What is the Blood-Brain Barrier?

The blood-brain barrier refers to the barrier between plasma and brain cells formed by the walls of brain capillaries and glial cells and the barrier between plasma and cerebrospinal fluid formed by the choroid plexus. These barriers can block certain substances (mostly harmful) ) From the blood into the brain tissue. Many solutes in the blood enter the brain tissue from the capillaries of the brain. It is difficult or easy; some pass quickly, some are slow, and some cannot pass at all. This selective permeability phenomenon makes people imagine that there may be limited solute permeability. A certain structure exists, which can protect the brain tissue from harmful substances in the circulating blood or even from it, thereby maintaining the basic stability of the environment in the brain tissue and having important biological functions for maintaining the normal physiological state of the central nervous system. significance.

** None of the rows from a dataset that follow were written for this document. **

(* For $n,k,f\geqslant 0$ let $\mathfrak{j}_{n,k,f}$ be the number of words $\omega$ of length $n$ over the alphabet $\{0,\dots,k-1\}$ avoiding both $010$ and $110$ with $\mathrm{forb}(\omega,\{010,110\})=f$ (the empty word has $\mathrm{forb}=0$), and let $\mathfrak{k}_{n,k}=\sum_{f}\mathfrak{j}_{n,k,f}$ be the number of words of length $n$ over $\{0,\dots,k-1\}$ avoiding $010$ and $110$. Then for all $n\geqslant1$ and $k,f\geqslant0$, $$\mathfrak{j}_{n,k,f}=\sum_{p=1}^{n}\sum_{i=0}^{f-1}\sum_{m=0}^{k-1}\mathfrak{j}_{p-1,m,i}\cdot\Bigl(\mathfrak{j}_{n-p,\,m-i,\,f-i-1}+\delta_{f,m+1}\sum_{\ell=0}^{n-p-1}\mathfrak{k}_{\ell,\,m-i}\Bigr).$$
   Context: $\delta_{a,b}$ is the Kronecker delta. A word contains a pattern $p$ if some subsequence is order-isomorphic to $p$; otherwise it avoids $p$. Avoiding $010$: no $i<j<l$ with $\omega_i=\omega_l<\omega_j$. Avoiding $110$: no $i<j<l$ with $\omega_i=\omega_j>\omega_l$. For a nonempty sequence $\omega$ avoiding a set of patterns $P$, a value $v\in\{0,\dots,\max(\omega)\}$ is forbidden if $\omega$ followed by $M$ and then $v$ contains some pattern of $P$, where $M>\max(\omega)$; $\mathrm{forb}(\omega,P)$ is the number of forbidden values. *)

theory Defs
  imports Main "HOL-Library.Sublist"
begin

definition order_iso :: "nat list \<Rightarrow> nat list \<Rightarrow> bool" where
  "order_iso u p \<longleftrightarrow> length u = length p \<and>
     (\<forall>a < length p. \<forall>b < length p. (u ! a < u ! b \<longleftrightarrow> p ! a < p ! b))"

definition contains :: "nat list \<Rightarrow> nat list \<Rightarrow> bool" where
  "contains w p \<longleftrightarrow> (\<exists>u. subseq u w \<and> order_iso u p)"

definition avoids :: "nat list \<Rightarrow> nat list \<Rightarrow> bool" where
  "avoids w p \<longleftrightarrow> \<not> contains w p"

text \<open>forb(w,P); we take M = max(w)+1 (any M > max(w) gives the same result);
the empty word has forb = 0.\<close>
definition forb :: "nat list \<Rightarrow> nat list set \<Rightarrow> nat" where
  "forb w P = (if w = [] then 0 else
     card {v. v \<le> Max (set w) \<and> (\<exists>p\<in>P. contains (w @ [Suc (Max (set w)), v]) p)})"

definition P010_110 :: "nat list set" where
  "P010_110 = {[0,1,0], [1,1,0]}"

definition jj :: "nat \<Rightarrow> nat \<Rightarrow> nat \<Rightarrow> nat" where
  "jj n k f = card {w. length w = n \<and> set w \<subseteq> {..<k} \<and>
      avoids w [0,1,0] \<and> avoids w [1,1,0] \<and> forb w P010_110 = f}"

definition kk :: "nat \<Rightarrow> nat \<Rightarrow> nat" where
  "kk n k = card {w. length w = n \<and> set w \<subseteq> {..<k} \<and>
      avoids w [0,1,0] \<and> avoids w [1,1,0]}"

end

theory Submission
  imports Defs
begin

The blood-brain barrier refers to the barrier between plasma and brain cells formed by the walls of brain capillaries and glial cells and the barrier between plasma and cerebrospinal fluid formed by the choroid plexus. These barriers can block certain substances (mostly harmful) ) From the blood into the brain tissue. Many solutes in the blood enter the brain tissue from the capillaries of the brain. It is difficult or easy; some pass quickly, some are slow, and some cannot pass at all. This selective permeability phenomenon makes people imagine that there may be limited solute permeability. A certain structure exists, which can protect the brain tissue from harmful substances in the circulating blood or even from it, thereby maintaining the basic stability of the environment in the brain tissue and having important biological functions for maintaining the normal physiological state of the central nervous system. significance.
Chinese name
Blood-brain barrier
Foreign name
blood brain barrier
Department
brain
Features
Prevent diseases from invading the brain

Blood brain barrier

Blood brain barrier
Capillary endothelium (continuous type with tight junctions between endothelial cells)
Structural base film (complete)
Glial membrane (foot board of astrocytes)
Function: Prevent harmful substances from entering the brain and maintain a relatively constant internal environment.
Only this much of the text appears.